6.17 Example: Tees Bay macrofauna
The final example in this chapter is of a mixed nested and crossed design B$\times$C(A), for a total of 192 macrobenthic samples (282 species) from: A: four sub-tidal Areas of Tees Bay (Fig. 6.18, top left), with C: two Sites from each area, the same sites being returned to each September over B: 24 Years (1973-1996), part of a wider study of the Tees estuary, Warwick, Ashman, Brown et al. (2002) , {t}. Sites (C) are therefore nested in Areas (A) but crossed with Years (B). There was a further level of replication, with multiple grab samples collected but these have been averaged to give a more reliable picture of the assemblage on that occasion (the repeat grabs from a single ship stationing being considered ‘pseudo-replicates’ in time, and possibly space). The areas lie on a spatial transect (c. 5km spacing) but are probably not ordered hydrodynamically, so we shall contrast both ordered and unordered tests for A (cases 3m/3j in Table 6.4). The years are also amenable to analysis under either assumption: as it happens, there is a clear annual trend in assemblage structure over the period (seen in the right-hand plots of Fig. 6.18, for the two sites in each area averaged), but the prior expectation might have been for a more complex time signal of cycles or short-term changes and reversions, so this data will serve as an illustration of both the case of B ordered or unordered (cases 3l/3j). There being only two sites in each area, it is then irrelevant whether C is considered ordered or not; with no real replication, there can be no test for a site effect from only two sites (though there would be a test with a greater number of sites, either ordered or not, 3k/3j).
Fig. 6.18. Tees Bay macrofauna {t}. Map of four sampling areas in Tees Bay, NE England, and separate nMDS time-series plots for each area, of the macrobenthic assemblages over 24 years of September sampling; abundances were fourth-root transformed then averaged over the two sites in each area, then input to Bray-Curtis similarity calculation.

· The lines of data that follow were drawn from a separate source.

lemma gauss_corr_equiangular:
  fixes f :: "real^'d::finite \<Rightarrow> real" and vs :: "(real^'n::finite) list"
  assumes "0 \<le> x" "x \<le> 1"
    and f_meas: "f \<in> borel_measurable borel" and f_bounded: "\<And>y. -1 \<le> f y \<and> f y \<le> 1"
    and len: "length vs = CARD('e::enum)"
    and inner: "\<And>i j. i < length vs \<Longrightarrow> j < length vs \<Longrightarrow> vs ! i \<bullet> vs ! j = (if i = j then 1 else x)"
  shows "gauss_corr f vs = (\<integral>z. noise_op f x z ^ CARD('e) \<partial>iid_gauss)"
proof -
  let ?cs = "map (canon x) (Enum.enum :: 'e list)"
  have "gauss_corr f vs = gauss_corr f ?cs"
  proof (rule gauss_corr_eq_if_inner_eq[OF f_meas])
    show "length ?cs = length vs"
      using len by (simp add: card_UNIV_length_enum)
    fix i j assume "i < length vs" "j < length vs"
    then show "vs ! i \<bullet> vs ! j = ?cs ! i \<bullet> ?cs ! j"
      using len inner
      by (simp add: inner_canon[OF \<open>0 \<le> x\<close> \<open>x \<le> 1\<close>] card_UNIV_length_enum
          nth_eq_iff_index_eq[OF enum_distinct])
  qed
  also have "\<dots> = (\<integral>z. noise_op f x z ^ CARD('e) \<partial>iid_gauss)"
    by (rule gauss_corr_canon[OF f_meas f_bounded])
  finally show ?thesis .
qed

lemma (in prob_space) square_expectation_le:
  fixes X :: "'a \<Rightarrow> real"
  assumes "integrable M X" "integrable M (\<lambda>z. X z ^ 2)"
  shows "(expectation X)\<^sup>2 \<le> expectation (\<lambda>z. X z ^ 2)"
  using variance_eq[OF assms] variance_positive[of X] by simp

theorem mainTheorem5:
  fixes x :: real
    and f :: "real^'d::finite \<Rightarrow> real"
    and v1 v2 v3 v4 :: "real^'n::finite"
    and w1 w2 :: "real^'m::finite"
  assumes "0 \<le> x" "x \<le> 1"
    and "f \<in> borel_measurable borel"
    and "\<And>y. -1 \<le> f y \<and> f y \<le> 1"
    and "norm v1 = 1" "norm v2 = 1" "norm v3 = 1" "norm v4 = 1"
    and "v1 \<bullet> v2 = x" "v1 \<bullet> v3 = x" "v1 \<bullet> v4 = x"
    and "v2 \<bullet> v3 = x" "v2 \<bullet> v4 = x" "v3 \<bullet> v4 = x"
    and "norm w1 = 1" "norm w2 = 1" "w1 \<bullet> w2 = x"
  shows "round_corr f [v1, v2, v3, v4] \<ge> (round_corr f [w1, w2])\<^sup>2"
proof -
  interpret prob_space "iid_gauss :: ('d \<Rightarrow> real) measure" by (rule prob_space_PiM_std_gauss)
  let ?h = "noise_op f x"
  have h_meas: "?h \<in> borel_measurable iid_gauss"
    using assms(3,4) by (rule borel_measurable_noise_op)
  have "[v1, v2, v3, v4] ! i \<bullet> [v1, v2, v3, v4] ! j = (if i = j then 1 else x)" if "i < 4" "j < 4" for i j
    using that assms(5-14) by (auto simp: numeral_eq_Suc less_Suc_eq norm_eq_1 inner_commute)
  then have E4: "round_corr f [v1, v2, v3, v4] = expectation (\<lambda>z. ?h z ^ 4)"
    using gauss_corr_equiangular[where 'e = "bool \<times> bool" and vs = "[v1, v2, v3, v4]", OF assms(1-4)]
    by (simp add: round_corr_eq_gauss_corr[OF assms(3,4)] card_cartesian_product flip: UNIV_Times_UNIV)
  have "[w1, w2] ! i \<bullet> [w1, w2] ! j = (if i = j then 1 else x)" if "i < 2" "j < 2" for i j
    using that assms(15-17) by (auto simp: numeral_eq_Suc less_Suc_eq norm_eq_1 inner_commute)
  then have E2: "round_corr f [w1, w2] = expectation (\<lambda>z. ?h z ^ 2)"
    using gauss_corr_equiangular[where 'e = bool and vs = "[w1, w2]", OF assms(1-4)]
    by (simp add: round_corr_eq_gauss_corr[OF assms(3,4)])
  have "(expectation (\<lambda>z. ?h z ^ 2))\<^sup>2 \<le> expectation (\<lambda>z. (?h z ^ 2)\<^sup>2)"
    using h_meas
    by (intro square_expectation_le integrable_const_bound[where B=1] AE_I2)
      (simp_all add: noise_op_power_le_1[OF assms(3,4)] flip: power_mult)
  then show ?thesis
    unfolding E4 E2 by (simp flip: power_mult)
qed

end
(* Let $(E,\|\cdot\|)$ be an $n$-dimensional normed space over $K$. Then $E$ satisfies (SE) if and only if the following two conditions hold: (1) each $(n-1)$-dimensional subspace of $E$ satisfies (SE); (2) each $2$-dimensional subspace $F$ of $E'$ satisfies either $\dim_{K^\vee}F^\vee=2$, or $F\cong([1,x],|\cdot|_t)$ for some $x\in K^\vee\setminus K$ and $t>0$ with $t\cdot d(x,K)\notin V_K$.
   Context: $K$ is a complete non-archimedean non-trivially valued field which is not spherically complete, with valuation group $V_K=\{|x|:x\in K\setminus\{0\}\}$; $K^\vee$ is a fixed spherically complete immediate extension of $K$. Normed spaces are finite-dimensional non-archimedean normed spaces over $K$; $E'$ is the dual with operator norm; $\cong$ denotes isometric isomorphism. A normed space $E$ satisfies (SE) if for each subspace $D\subseteq E$ and each $f\in D'$ with $\|f\|=1$ there is an extension $\tilde f\in E'$ of $f$ with $\|\tilde f\|=1$. A subset $X\subseteq E\setminus\{0\}$ is orthogonal if $\|\sum\lambda_ix_i\|=\max\|\lambda_ix_i\|$ for finitely many distinct $x_i\in X$; $\dim_{K^\vee}E^\vee$ denotes the cardinality of a maximal orthogonal subset of $E$. For $t>0$, $([1,x],|\cdot|_t)$ is the $K$-linear span of $1,x$ in $K^\vee$ with norm $|z|_t=t|z|$; $d(x,K)=\inf_{a\in K}|x-a|$. *)

theory Defs
  imports "HOL-Analysis.Analysis" "HOL-Library.Function_Algebras"
begin

definition nonarch_abs :: "('a::field \<Rightarrow> real) \<Rightarrow> bool" where
  "nonarch_abs v \<longleftrightarrow> (\<forall>x. 0 \<le> v x) \<and> (\<forall>x. v x = 0 \<longleftrightarrow> x = 0)
     \<and> (\<forall>x y. v (x * y) = v x * v y) \<and> (\<forall>x y. v (x + y) \<le> max (v x) (v y))"

definition nontrivial_abs :: "('a::field \<Rightarrow> real) \<Rightarrow> bool" where
  "nontrivial_abs v \<longleftrightarrow> (\<exists>x. x \<noteq> 0 \<and> v x \<noteq> 1)"

definition abs_complete :: "('a::field \<Rightarrow> real) \<Rightarrow> bool" where
  "abs_complete v \<longleftrightarrow> (\<forall>s::nat \<Rightarrow> 'a.
     (\<forall>e>0. \<exists>M. \<forall>m\<ge>M. \<forall>k\<ge>M. v (s m - s k) < e)
       \<longrightarrow> (\<exists>l. \<forall>e>0. \<exists>M. \<forall>k\<ge>M. v (s k - l) < e))"

definition vball :: "('a::field \<Rightarrow> real) \<Rightarrow> 'a \<Rightarrow> real \<Rightarrow> 'a set" where
  "vball v c r = {y. v (y - c) \<le> r}"

definition spherically_complete :: "('a::field \<Rightarrow> real) \<Rightarrow> bool" where
  "spherically_complete v \<longleftrightarrow> (\<forall>(c::nat \<Rightarrow> 'a) (r::nat \<Rightarrow> real).
     (\<forall>k. 0 < r k) \<and> (\<forall>k. vball v (c (Suc k)) (r (Suc k)) \<subseteq> vball v (c k) (r k))
       \<longrightarrow> (\<Inter>k. vball v (c k) (r k)) \<noteq> {})"

definition value_group :: "('a::field \<Rightarrow> real) \<Rightarrow> real set" where
  "value_group v = {v x | x. x \<noteq> 0}"

text \<open>\<open>(L, bv)\<close> is an immediate extension of \<open>(K, av)\<close> via the embedding \<open>\<iota>\<close>:
  \<open>\<iota>\<close> is a field homomorphism preserving the absolute value, the value groups coincide
  and the residue field of \<open>L\<close> is the image of the residue field of \<open>K\<close>.\<close>
definition immediate_extension ::
  "('a::field \<Rightarrow> real) \<Rightarrow> ('b::field \<Rightarrow> real) \<Rightarrow> ('a \<Rightarrow> 'b) \<Rightarrow> bool" where
  "immediate_extension av bv \<iota> \<longleftrightarrow>
     (\<forall>a c. \<iota> (a + c) = \<iota> a + \<iota> c) \<and> (\<forall>a c. \<iota> (a * c) = \<iota> a * \<iota> c) \<and> \<iota> 1 = 1
     \<and> (\<forall>a. bv (\<iota> a) = av a)
     \<and> value_group bv = value_group av
     \<and> (\<forall>y. bv y \<le> 1 \<longrightarrow> (\<exists>a. av a \<le> 1 \<and> bv (y - \<iota> a) < 1))"

text \<open>A normed space is given by a scalar multiplication \<open>sc\<close> (a K-vector space
  structure on the ambient type), a carrier subspace \<open>E\<close> and a norm \<open>N\<close> on \<open>E\<close>.\<close>
definition na_normed_space ::
  "('a::field \<Rightarrow> real) \<Rightarrow> ('a \<Rightarrow> 'e::ab_group_add \<Rightarrow> 'e) \<Rightarrow> 'e set \<Rightarrow> ('e \<Rightarrow> real) \<Rightarrow> bool" where
  "na_normed_space av sc E N \<longleftrightarrow> module.subspace sc E
     \<and> (\<forall>x\<in>E. 0 \<le> N x) \<and> (\<forall>x\<in>E. N x = 0 \<longleftrightarrow> x = 0)
     \<and> (\<forall>c. \<forall>x\<in>E. N (sc c x) = av c * N x)
     \<and> (\<forall>x\<in>E. \<forall>y\<in>E. N (x + y) \<le> max (N x) (N y))"

definition fin_dim :: "('a::field \<Rightarrow> 'e::ab_group_add \<Rightarrow> 'e) \<Rightarrow> 'e set \<Rightarrow> bool" where
  "fin_dim sc E \<longleftrightarrow> (\<exists>B. finite B \<and> B \<subseteq> E \<and> module.span sc B = E)"

text \<open>Linear functionals on a subspace \<open>D\<close>, normalised to be zero outside \<open>D\<close>.\<close>
definition dual :: "('a::field \<Rightarrow> 'e::ab_group_add \<Rightarrow> 'e) \<Rightarrow> 'e set \<Rightarrow> ('e \<Rightarrow> 'a) set" where
  "dual sc D = {f. (\<forall>x\<in>D. \<forall>y\<in>D. f (x + y) = f x + f y)
                    \<and> (\<forall>c. \<forall>x\<in>D. f (sc c x) = c * f x)
                    \<and> (\<forall>x. x \<notin> D \<longrightarrow> f x = 0)}"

Bottom left plot is the nMDS of averages of transformed abundances over the 24 time points for the two sites (a-b, c-d, e-f, g-h) in each of the four areas.
Test for Area factor (A)
The schematic below displays the construction of the ANOSIM permutation test for area (A), case 3m/3j¶.

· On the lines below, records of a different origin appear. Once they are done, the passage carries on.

(* For every instance $(N,C,\mathbf{A},k)$ with $|N|=n$ that has at least one cohesive group, the committee output by GreedyAV has JR degree at least $\frac{n}{k^2}$.
   Context: An instance consists of voters $N=\{1,\dots,n\}$, candidates $C$, approval ballots $A_i\subseteq C$ for $i\in N$, and a committee size $k$ with $1\le k\le|C|$. A set $N'\subseteq N$ is a cohesive group if $|N'|\ge n/k$ and $|\bigcap_{i\in N'}A_i|\ge 1$. A size-$k$ committee $W\subseteq C$ achieves JR degree $c$ if every cohesive group contains at least $c$ voters $i$ with $|A_i\cap W|\ge1$. GreedyAV: start with $W=\emptyset$ and the set $R=N$ of remaining voters; repeat $k$ times: choose a candidate $c\notin W$ approved by the maximum number of voters in $R$ (ties broken arbitrarily), add $c$ to $W$, and remove from $R$ all voters approving $c$; output $W$. *)

theory Defs
  imports Complex_Main
begin

(* Voters are N = {1..n}; ballots A :: nat => 'c set; candidates C :: 'c set. *)

definition cohesive_group :: "nat set \<Rightarrow> 'c set \<Rightarrow> (nat \<Rightarrow> 'c set) \<Rightarrow> nat \<Rightarrow> nat set \<Rightarrow> bool" where
  "cohesive_group N C A k N' \<longleftrightarrow>
     N' \<subseteq> N \<and> real (card N') \<ge> real (card N) / real k \<and>
     card {c \<in> C. \<forall>i\<in>N'. c \<in> A i} \<ge> 1"

definition achieves_JR_degree ::
  "nat set \<Rightarrow> 'c set \<Rightarrow> (nat \<Rightarrow> 'c set) \<Rightarrow> nat \<Rightarrow> 'c set \<Rightarrow> nat \<Rightarrow> bool" where
  "achieves_JR_degree N C A k W d \<longleftrightarrow>
     (\<forall>N'. cohesive_group N C A k N' \<longrightarrow> card {i \<in> N'. card (A i \<inter> W) \<ge> 1} \<ge> d)"

(* one iteration of GreedyAV on state (W, R); ties broken arbitrarily *)
definition greedyAV_step ::
  "'c set \<Rightarrow> (nat \<Rightarrow> 'c set) \<Rightarrow> ('c set \<times> nat set) \<Rightarrow> ('c set \<times> nat set) \<Rightarrow> bool" where
  "greedyAV_step C A s s' \<longleftrightarrow>
     (\<exists>c \<in> C - fst s.
        (\<forall>c' \<in> C - fst s. card {i \<in> snd s. c' \<in> A i} \<le> card {i \<in> snd s. c \<in> A i}) \<and>
        s' = (insert c (fst s), snd s - {i. c \<in> A i}))"

definition greedyAV_output :: "nat set \<Rightarrow> 'c set \<Rightarrow> (nat \<Rightarrow> 'c set) \<Rightarrow> nat \<Rightarrow> 'c set \<Rightarrow> bool" where
  "greedyAV_output N C A k W \<longleftrightarrow> (\<exists>R. (greedyAV_step C A ^^ k) ({}, N) (W, R))"

end

theory Submission
  imports Defs
begin

(* Let N' be cohesive with common candidate c, and let U be the part of N' left uncovered.
   If c \<in> W then U is empty. Otherwise c was available in every round, so the first
   round removes at least |N'| voters and each of the other k - 1 rounds removes at least
   |U| voters, while U itself survives all rounds: k |U| + |N'| \<le> n. Together
   with |N'| \<ge> n/k this gives |N' - U| \<ge> |N'| - (n - |N'|)/k \<ge> n/k^2. *)

lemma greedyAV_step_mono:
  assumes "greedyAV_step C A (W, R) (W', R')"
  shows "W \<subseteq> W' \<and> R' \<subseteq> R"
  using assms unfolding greedyAV_step_def by auto

lemma greedyAV_steps_mono:
  assumes "(greedyAV_step C A)\<^sup>*\<^sup>* (W, R) (W', R')"
  shows "W \<subseteq> W' \<and> R' \<subseteq> R"
  using assms by (induction rule: rtranclp_induct2) (simp, metis greedyAV_step_mono order_trans)

lemma greedyAV_steps_remaining:
  assumes "(greedyAV_step C A)\<^sup>*\<^sup>* (W, R) (W', R')"
    and "R = {i \<in> N. A i \<inter> W = {}}"
  shows "R' = {i \<in> N. A i \<inter> W' = {}}"
  using assms by (induction rule: rtranclp_induct2) (auto simp: greedyAV_step_def)

lemma greedyAV_step_removes_at_least:
  assumes step: "greedyAV_step C A (W, R) (W', R')"
    and "c \<in> C" "c \<notin> W'" "finite R"
  shows "card R' + card {i \<in> R. c \<in> A i} \<le> card R"
proof -
  obtain c' where "c' \<in> C - W"
    and "\<forall>c'' \<in> C - W. card {i \<in> R. c'' \<in> A i} \<le> card {i \<in> R. c' \<in> A i}"
    and "W' = insert c' W" and R': "R' = R - {i \<in> R. c' \<in> A i}"
    using step unfolding greedyAV_step_def by auto
  then have "card {i \<in> R. c \<in> A i} \<le> card {i \<in> R. c' \<in> A i}"
    using \<open>c \<in> C\<close> \<open>c \<notin> W'\<close> by blast
  moreover have "card R' = card R - card {i \<in> R. c' \<in> A i}"
    unfolding R' by (rule card_Diff_subset) (use \<open>finite R\<close> in auto)
  moreover have "card {i \<in> R. c' \<in> A i} \<le> card R"
    by (rule card_mono) (use \<open>finite R\<close> in auto)
  ultimately show ?thesis by linarith
qed

lemma greedyAV_run_removes_at_least:
  assumes "(greedyAV_step C A ^^ m) (W0, R0) (W, R)"
    and "c \<in> C" "c \<notin> W" "finite R0"
  shows "card R + m * card {i \<in> R. c \<in> A i} \<le> card R0"
  using assms(1,3)
proof (induction m arbitrary: W R)
  case 0
  then show ?case by simp
next
  case (Suc m)
  from Suc.prems(1) obtain s where "(greedyAV_step C A ^^ m) (W0, R0) s"
    and "greedyAV_step C A s (W, R)"
    by (rule relpowp_Suc_E)
  moreover obtain W1 R1 where "s = (W1, R1)"
    by fastforce
  ultimately have run: "(greedyAV_step C A ^^ m) (W0, R0) (W1, R1)"
    and step: "greedyAV_step C A (W1, R1) (W, R)"
    by simp_all
  have "W1 \<subseteq> W" "R \<subseteq> R1"
    using greedyAV_step_mono[OF step] by auto
  have "R1 \<subseteq> R0"
    using greedyAV_steps_mono[OF relpowp_imp_rtranclp[OF run]] by blast
  then have "finite R1"
    using \<open>finite R0\<close> by (rule finite_subset)
  have IH: "card R1 + m * card {i \<in> R1. c \<in> A i} \<le> card R0"
    using Suc.IH[OF run] \<open>W1 \<subseteq> W\<close> \<open>c \<notin> W\<close> by blast
  have "card R + card {i \<in> R1. c \<in> A i} \<le> card R1"
    using greedyAV_step_removes_at_least[OF step \<open>c \<in> C\<close> \<open>c \<notin> W\<close> \<open>finite R1\<close>] .
  moreover have le: "card {i \<in> R. c \<in> A i} \<le> card {i \<in> R1. c \<in> A i}"
    by (rule card_mono) (use \<open>finite R1\<close> \<open>R \<subseteq> R1\<close> in auto)
  moreover have "m * card {i \<in> R. c \<in> A i} \<le> m * card {i \<in> R1. c \<in> A i}"
    using le by (rule mult_le_mono2)
  ultimately show ?case
    using IH unfolding mult_Suc by linarith
qed

lemma greedyAV_uncovered_bound:
  assumes run: "(greedyAV_step C A ^^ k) ({}, N) (W, R)"
    and "finite N" "1 \<le> k"
    and "N' \<subseteq> N" "c \<in> C" "\<forall>i \<in> N'. c \<in> A i"
  shows "k * card (N' \<inter> R) + card N' \<le> card N"
proof (cases "c \<in> W")
  case True
  have "R = {i \<in> N. A i \<inter> W = {}}"
    using greedyAV_steps_remaining[OF relpowp_imp_rtranclp[OF run]] by simp
  with True assms(6) have "N' \<inter> R = {}" by auto
  then show ?thesis
    using card_mono[OF \<open>finite N\<close> \<open>N' \<subseteq> N\<close>] by simp
next
  case False
  obtain W1 R1 where first: "greedyAV_step C A ({}, N) (W1, R1)"
    and rest: "(greedyAV_step C A ^^ (k - 1)) (W1, R1) (W, R)"
  proof -
    have "(greedyAV_step C A ^^ Suc (k - 1)) ({}, N) (W, R)"
      using run \<open>1 \<le> k\<close> by simp
    then show ?thesis
      using that by (metis relpowp_Suc_E2 surj_pair)
  qed
  have "W1 \<subseteq> W" "R \<subseteq> R1" "R1 \<subseteq> N"
    using greedyAV_steps_mono[OF relpowp_imp_rtranclp[OF rest]] greedyAV_step_mono[OF first]
    by auto
  have "finite R1" "finite R"
    using \<open>finite N\<close> \<open>R1 \<subseteq> N\<close> \<open>R \<subseteq> R1\<close> by (auto intro: finite_subset)
  have "card R1 + card {i \<in> N. c \<in> A i} \<le> card N"
    using greedyAV_step_removes_at_least[OF first \<open>c \<in> C\<close>] False \<open>W1 \<subseteq> W\<close> \<open>finite N\<close>
    by blast
  moreover have "card N' \<le> card {i \<in> N. c \<in> A i}"
    by (rule card_mono) (use assms(2,4,6) in auto)
  moreover have "card R + (k - 1) * card {i \<in> R. c \<in> A i} \<le> card R1"
    using greedyAV_run_removes_at_least[OF rest \<open>c \<in> C\<close> False \<open>finite R1\<close>] .
  moreover have "card (N' \<inter> R) \<le> card R"
    by (rule card_mono) (use \<open>finite R\<close> in auto)
  moreover have "(k - 1) * card (N' \<inter> R) \<le> (k - 1) * card {i \<in> R. c \<in> A i}"
    by (rule mult_le_mono2, rule card_mono) (use \<open>finite R\<close> assms(6) in auto)
  moreover have "k * card (N' \<inter> R) = card (N' \<inter> R) + (k - 1) * card (N' \<inter> R)"
    using \<open>1 \<le> k\<close> by (cases k) auto
  ultimately show ?thesis by linarith
qed

lemma divide_square_le_diff:
  fixes k a u n :: real
  assumes "k > 0" "n / k \<le> a" "k * u + a \<le> n"
  shows "n / k ^ 2 \<le> a - u"
proof -
  have "n \<le> k * a"
    using assms(1,2) by (simp add: field_simps)
  then have "n / k \<le> k * a + a - n"
    using assms(2) by linarith
  also have "\<dots> \<le> k * (a - u)"
    using assms(3) by (simp add: algebra_simps)
  finally have "n / k \<le> k * (a - u)" .
  then show ?thesis
    using assms(1) by (simp add: field_simps power2_eq_square)
qed

lemma greedyAV_covers_cohesive_group:
  assumes "greedyAV_output N C A k W"
    and "finite N" "finite C" "\<forall>i \<in> N. A i \<subseteq> C" "1 \<le> k"
    and "cohesive_group N C A k N'"
  shows "real (card N) / real k ^ 2 \<le> card {i \<in> N'. card (A i \<inter> W) \<ge> 1}"
proof -
  obtain R where run: "(greedyAV_step C A ^^ k) ({}, N) (W, R)"
    using assms(1) unfolding greedyAV_output_def by auto
  have "N' \<subseteq> N" and large: "real (card N) / real k \<le> card N'"
    and "{c \<in> C. \<forall>i \<in> N'. c \<in> A i} \<noteq> {}"
    using assms(6) unfolding cohesive_group_def by (auto simp: Suc_le_eq card_gt_0_iff)
  then obtain c where "c \<in> C" "\<forall>i \<in> N'. c \<in> A i"
    by blast
  have "R = {i \<in> N. A i \<inter> W = {}}"
    using greedyAV_steps_remaining[OF relpowp_imp_rtranclp[OF run]] by simp
  moreover have "finite (A i)" if "i \<in> N'" for i
    using assms(3,4) \<open>N' \<subseteq> N\<close> that by (meson finite_subset subsetD)
  ultimately have covered: "{i \<in> N'. card (A i \<inter> W) \<ge> 1} = N' - N' \<inter> R"
    using \<open>N' \<subseteq> N\<close> by (auto simp: Suc_le_eq card_gt_0_iff)
  have "k * card (N' \<inter> R) + card N' \<le> card N"
    using greedyAV_uncovered_bound[OF run] assms(2,5) \<open>N' \<subseteq> N\<close> \<open>c \<in> C\<close> \<open>\<forall>i \<in> N'. c \<in> A i\<close> .
  then have "real (card N) / real k ^ 2 \<le> real (card N') - real (card (N' \<inter> R))"
    using divide_square_le_diff[OF _ large] \<open>1 \<le> k\<close> by (simp flip: of_nat_mult of_nat_add)
  then show ?thesis
    using covered \<open>N' \<subseteq> N\<close> \<open>finite N\<close> by (simp add: card_Diff_subset finite_subset card_mono)
qed

theorem proposition2:
  fixes n k :: nat and C :: "'c set" and A :: "nat \<Rightarrow> 'c set" and W :: "'c set"
  assumes "finite C"
    and "\<forall>i \<in> {1..n}. A i \<subseteq> C"
    and "1 \<le> k" and "k \<le> card C"
    and "\<exists>N'. cohesive_group {1..n} C A k N'"
    and "greedyAV_output {1..n} C A k W"
  shows "\<exists>d. real d \<ge> real n / real k ^ 2 \<and> achieves_JR_degree {1..n} C A k W d"
proof -
  have "achieves_JR_degree {1..n} C A k W (nat \<lceil>real n / real k ^ 2\<rceil>)"
    using greedyAV_covers_cohesive_group[OF assms(6) _ assms(1,2,3)]
    unfolding achieves_JR_degree_def by (simp add: nat_le_iff ceiling_le_iff)
  then show ?thesis
    by (intro exI[of _ "nat \<lceil>real n / real k ^ 2\<rceil>"]) linarith
qed

end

The building blocks are the 1-way ANOSIM statistics $R$ (or $R^{Oc}$ if A is considered ordered) for a test of the 4 areas, using as replicates the 2 sites in each area, computed separately for each year. These are then averaged over the 24 years, to obtain the overall test statistic for A of $\overline{R}$ (or $\overline{R}^{Oc}$), exactly as for the usual 2-way crossed case A$\times$B met on page 6.7. The crucial difference however is in generating the null hypothesis distribution for this test statistic. Permuting the 8 sites across the 4 areas separately for each year, as the standard A$\times$B test would do, is to assume that the sites are randomly drawn afresh each year from the defined area, rather than determined only once and then revisited each year. The relevant permutation is therefore to keep the columns of this schematic table intact and shuffle the 8 whole columns randomly over the 4 areas, recalculating $\overline{R}$ (or $\overline{R}^{Oc}$) each time. There will be many fewer permutations for the A test under this B$\times$C(A) design (8!/2!2!2!2!4! =105 for the unordered case, compared with $105^{24}$) but what it loses in ‘power’ here it may make up for in improved focus when examining the time factor: subtle assemblage changes from year to year may be seen by returning to the same site(s), and these might otherwise get swamped by large spatial variability from site to site, if the latter are randomly reselected each year.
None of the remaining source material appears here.